[[ Data for review, beginning ]]

lemma winding_number_Mpath_le:
  assumes z: "z \<notin> polyline M (2 * n)"
    and a: "a1 < a2" "a2 < a3" "a3 < a4" "a4 - a1 \<le> 2 * int n"
    and sgn: "det2 (V a1) (M a1 - z) < 0" "det2 (V a2) (M a2 - z) > 0"
      "det2 (V a3) (M a3 - z) < 0" "det2 (V a4) (M a4 - z) > 0"
  shows "Re (winding_number Mpath (cvec z)) \<le> -1"
proof -
  define G where "G j x = Im (cnj (cvec (V j)) * (cvec (M j) - x))" for j x
  have Gz: "G j (cvec z) = det2 (V j) (M j - z)" for j by (simp add: G_def det2_cvec)
  define A where "A = {a1, a2, a3, a4}"
  have "cvec z \<notin> path_image Mpath" using z by (auto simp: path_image_Mpath)
  then have ev_wn: "\<forall>\<^sub>F x in nhds (cvec z). winding_number Mpath x = winding_number Mpath (cvec z)"
    by (rule eventually_winding_number_eq[OF path_polygon_path Mpath_closed])
  have ev_sgn: "\<forall>\<^sub>F x in nhds (cvec z). \<forall>j\<in>A. G j x * G j (cvec z) > 0"
  proof (rule eventually_ball_finite)
    show "\<forall>j\<in>A. \<forall>\<^sub>F x in nhds (cvec z). G j x * G j (cvec z) > 0"
    proof
      fix j assume "j \<in> A"
      then have "G j (cvec z) \<noteq> 0" using sgn by (auto simp: A_def Gz)
      then have "0 < G j (cvec z) * G j (cvec z)" using not_real_square_gt_zero by blast
      moreover have "((\<lambda>x. G j x * G j (cvec z)) \<longlongrightarrow> G j (cvec z) * G j (cvec z)) (nhds (cvec z))"
        unfolding G_def by (intro tendsto_intros filterlim_ident)
      ultimately show "\<forall>\<^sub>F x in nhds (cvec z). G j x * G j (cvec z) > 0"
        by (rule order_tendstoD(1)[rotated])
    qed
  qed (simp add: A_def)
  obtain r where r: "r > 0" and near: "\<And>x. dist x (cvec z) < r \<Longrightarrow>
      winding_number Mpath x = winding_number Mpath (cvec z) \<and> (\<forall>j\<in>A. G j x * G j (cvec z) > 0)"
    using eventually_conj[OF ev_wn ev_sgn] by (auto simp: eventually_nhds_metric)
  have "\<exists>x. cmod (x - cvec z) < r \<and> (\<forall>j\<in>{0..<2 * int n}. G j x \<noteq> 0)"
    unfolding G_def by (rule exists_near_point_off_lines) (simp_all add: r V_nonzero)
  then obtain x where x: "cmod (x - cvec z) < r" "\<forall>j\<in>{0..<2 * int n}. G j x \<noteq> 0" by blast
  define y where "y = (vector [Re x, Im x] :: real^2)"
  have xy: "cvec y = x" by (simp add: y_def cvec_vector)
  define f where "f j = det2 (V j) (M j - y)" for j
  have f_G: "f j = G j x" for j by (simp add: f_def G_def det2_cvec xy)
  have f_periodic: "f (j + 2 * int n) = f j" for j by (simp add: f_def V_periodic M_periodic)
  have f_nonzero: "f j \<noteq> 0" for j
  proof (rule nonzero_by_periodicity[where F = f])
    show "f (j + 2 * int n) = f j" for j by (rule f_periodic)
    show "f j \<noteq> 0" if "0 \<le> j" "j < 2 * int n" for j using x(2) that by (simp add: f_G)
  qed
  have "\<forall>j\<in>A. f j * det2 (V j) (M j - z) > 0"
    using near[of x] x(1) by (simp add: f_G Gz dist_norm)
  then have "f a1 < 0" "f a2 > 0" "f a3 < 0" "f a4 > 0"
    using sgn by (auto simp: A_def zero_less_mult_iff)
  then have up: "2 \<le> upcrossings f (2 * n)"
    using n2 a f_periodic f_nonzero by (intro two_le_upcrossings[of "2 * n" f a1 a2 a3 a4]) simp_all
  have "2*pi * Re (winding_number Mpath (cvec y)) =
      turning (\<lambda>j. cvec (V j)) (2 * n) - 2*pi * upcrossings f (2 * n)"
    unfolding f_def[abs_def]
    by (rule winding_number_polygon_cvec_upcrossings) (use M_periodic[of 0] M_edge f_nonzero in \<open>auto simp: f_def\<close>)
  then have "2*pi * Re (winding_number Mpath (cvec y)) = 2*pi * (1 - real (upcrossings f (2 * n)))"
    unfolding turning_V by (simp add: right_diff_distrib)
  then have "Re (winding_number Mpath (cvec y)) = 1 - real (upcrossings f (2 * n))" by simp
  moreover have "winding_number Mpath (cvec y) = winding_number Mpath (cvec z)"
    using near[of x] x(1) xy by (simp add: dist_norm)
  ultimately show ?thesis using up by simp
qed

lemma winding_number_Mpath_involute:
  assumes "z \<in> open_segment (Nh U P n (k - 1)) (Nh U P n k)" and "beta U P n k \<noteq> 0"
    and "z \<notin> polyline M (2 * n)"
  shows "winding_number Mpath (cvec z) \<noteq> 0"
proof -
  obtain a1 a2 a3 a4 where "a1 < a2" "a2 < a3" "a3 < a4" "a4 - a1 \<le> 2 * int n"
    and "det2 (V a1) (M a1 - z) < 0" "det2 (V a2) (M a2 - z) > 0"
    and "det2 (V a3) (M a3 - z) < 0" "det2 (V a4) (M a4 - z) > 0"
    using involute_segment_sign_pattern[OF assms(1,2)] by blast
  then have "Re (winding_number Mpath (cvec z)) \<le> -1"
    by (rule winding_number_Mpath_le[OF assms(3)])
  then show ?thesis by auto
qed

lemma winding_number_Mpath_boundary:
  assumes P_convex: "polyline P (2 * n) = frontier (convex hull (P ` {0..<2 * int n}))"
    and b: "b \<in> polyline P (2 * n)" "b \<notin> polyline M (2 * n)"
  shows "winding_number Mpath (cvec b) = 0"
proof (rule winding_number_zero_frontier_convex[OF path_polygon_path Mpath_closed])
  let ?K = "convex hull (P ` {0..<2 * int n})"
  have P_in: "P j \<in> ?K" for j
  proof -
    have "j mod (2 * int n) \<in> {0..<2 * int n}" using n2 by simp
    then have "P (j mod (2 * int n)) \<in> P ` {0..<2 * int n}" by (rule imageI)
    then have "P (j mod (2 * int n)) \<in> ?K" by (rule hull_inc)
    then show ?thesis using periodic_int_mod[of P, OF P_per, of j] by simp
  qed
  have M_in: "M j \<in> ?K" for j
  proof -
    have "(1/2) *\<^sub>R P j + (1/2) *\<^sub>R P (j + int n) \<in> ?K"
      by (rule convexD[OF convex_convex_hull P_in P_in]) simp_all
    then show ?thesis by (simp add: Mv_def scaleR_add_right)
  qed
  have "closed_segment (M j) (M (j + 1)) \<subseteq> ?K" for j
    by (rule closed_segment_subset[OF M_in M_in convex_convex_hull])
  then have "polyline M (2 * n) \<subseteq> ?K" unfolding polyline_def by blast
  then show "path_image Mpath \<subseteq> cvec ` ?K" by (simp add: path_image_Mpath image_mono)
  show "convex ?K" by simp
  show "b \<in> frontier ?K" using b(1) P_convex by simp
  show "cvec b \<notin> path_image Mpath" using b(2) by (auto simp: path_image_Mpath)
qed

lemma involute_subset_region:
  assumes P_convex: "polyline P (2 * n) = frontier (convex hull (P ` {0..<2 * int n}))"
  shows "polyline (Nh U P n) (2 * n) \<subseteq> region_of (polyline P (2 * n)) (polyline M (2 * n))"
proof
  let ?R = "region_of (polyline P (2 * n)) (polyline M (2 * n))"
  fix z assume "z \<in> polyline (Nh U P n) (2 * n)"
  then obtain i where "z \<in> closed_segment (Nh U P n i) (Nh U P n (i + 1))"
    unfolding polyline_def by blast
  then have "z \<in> closed_segment (Nh U P n (i + 1 - 1)) (Nh U P n (i + 1))" by simp
  then obtain k where z: "z \<in> closed_segment (Nh U P n (k - 1)) (Nh U P n k)" by blast
  have M_in: "M j \<in> ?R" for j
  proof -
    have "closed_segment (M j) (M (j + 1)) \<subseteq> polyline M (2 * n)"
      using n2 M_periodic by (intro closed_segment_subset_polyline) simp_all
    then show ?thesis using ends_in_segment(1)[of "M j" "M (j + 1)"] subset_region_of by blast
  qed
  show "z \<in> ?R"
  proof (cases "beta U P n k = 0")
    case True
    then have "Nh U P n (k - 1) = M k" "Nh U P n k = M k" using Nh_prev_eq[of k] Nh_eq[of k] by simp_all
    then show ?thesis using z M_in by simp
  next
    case False
    have "open_segment (Nh U P n (k - 1)) (Nh U P n k) \<subseteq> ?R"
    proof
      fix w assume w: "w \<in> open_segment (Nh U P n (k - 1)) (Nh U P n k)"
      show "w \<in> ?R"
      proof (rule in_region_of_if_winding_number_nonzero[OF path_polygon_path Mpath_closed path_image_Mpath])
        show "winding_number Mpath (cvec b) = 0" if "b \<in> polyline P (2 * n)" "b \<notin> polyline M (2 * n)" for b
          using winding_number_Mpath_boundary[OF P_convex that] .
        show "winding_number Mpath (cvec w) \<noteq> 0" if "w \<notin> polyline M (2 * n)"
          using winding_number_Mpath_involute[OF w False that] .
      qed
    qed
    then have "closure (open_segment (Nh U P n (k - 1)) (Nh U P n k)) \<subseteq> ?R"
      by (rule closure_minimal) (rule closed_region_of[OF closed_polyline])
    moreover have "Nh U P n (k - 1) \<noteq> Nh U P n k"
    proof
      assume "Nh U P n (k - 1) = Nh U P n k"
      then have "beta U P n k *\<^sub>R V (k - 1) = beta U P n k *\<^sub>R V k"
        using Nh_prev_eq[of k] Nh_eq[of k] by simp
      then have "V (k - 1) = V k" using False by simp
      then show False using det2_V_V_pos[of "k - 1"] by (simp add: det2_self)
    qed
    ultimately show ?thesis using z by auto
  qed
qed

end

theorem proposition4p3:
  fixes n :: nat and c :: real and U P :: "int \<Rightarrow> real^2"
  assumes n2: "n \<ge> 2"
    and cpos: "c > 0"
    and U_per: "\<And>i. U (i + 2 * int n) = U i"
    and U_dist: "inj_on U {0..<2 * int n}"
    and U_sym: "\<And>i. U (i + int n) = - U i"
    and U_convex_ccw: "\<And>i j. (j - i) mod (2 * int n) \<notin> {0, 1} \<Longrightarrow>
                         det2 (U (i+1) - U i) (U j - U i) > 0"
    and P_per: "\<And>i. P (i + 2 * int n) = P i"
    and P_edges: "\<And>i. \<exists>t\<ge>0. P (i+1) - P i = t *\<^sub>R Vh U i"
    and P_opp: "\<And>i. P i - P (i + int n) = (2 * c) *\<^sub>R U i"
    and P_int: "interior (convex hull (P ` {0..<2 * int n})) \<noteq> {}"
    and P_convex: "polyline P (2 * n) = frontier (convex hull (P ` {0..<2 * int n}))"
  shows "polyline (Nh U P n) (2 * n) \<union> region_of (polyline P (2 * n)) (polyline (Nh U P n) (2 * n))
           \<subseteq> region_of (polyline P (2 * n)) (polyline (Mv P n) (2 * n))"
proof -
  interpret central_equidistant n U P
    using n2 U_per U_sym U_convex_ccw P_per P_edges by unfold_locales
  have "polyline (Nh U P n) (2 * n) \<subseteq> region_of (polyline P (2 * n)) (polyline (Mv P n) (2 * n))"
    by (rule involute_subset_region[OF P_convex])
  then show ?thesis using region_of_subset by blast
qed

end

[[ Data for review, end ]]

What needs to be done. Above are the records; repeat exactly the lines from the one holding "then obtain x" down to the one holding "f_def V_periodic M_periodic)", end lines included.

Exercise response.
  then obtain x where x: "cmod (x - cvec z) < r" "\<forall>j\<in>{0..<2 * int n}. G j x \<noteq> 0" by blast
  define y where "y = (vector [Re x, Im x] :: real^2)"
  have xy: "cvec y = x" by (simp add: y_def cvec_vector)
  define f where "f j = det2 (V j) (M j - y)" for j
  have f_G: "f j = G j x" for j by (simp add: f_def G_def det2_cvec xy)
  have f_periodic: "f (j + 2 * int n) = f j" for j by (simp add: f_def V_periodic M_periodic)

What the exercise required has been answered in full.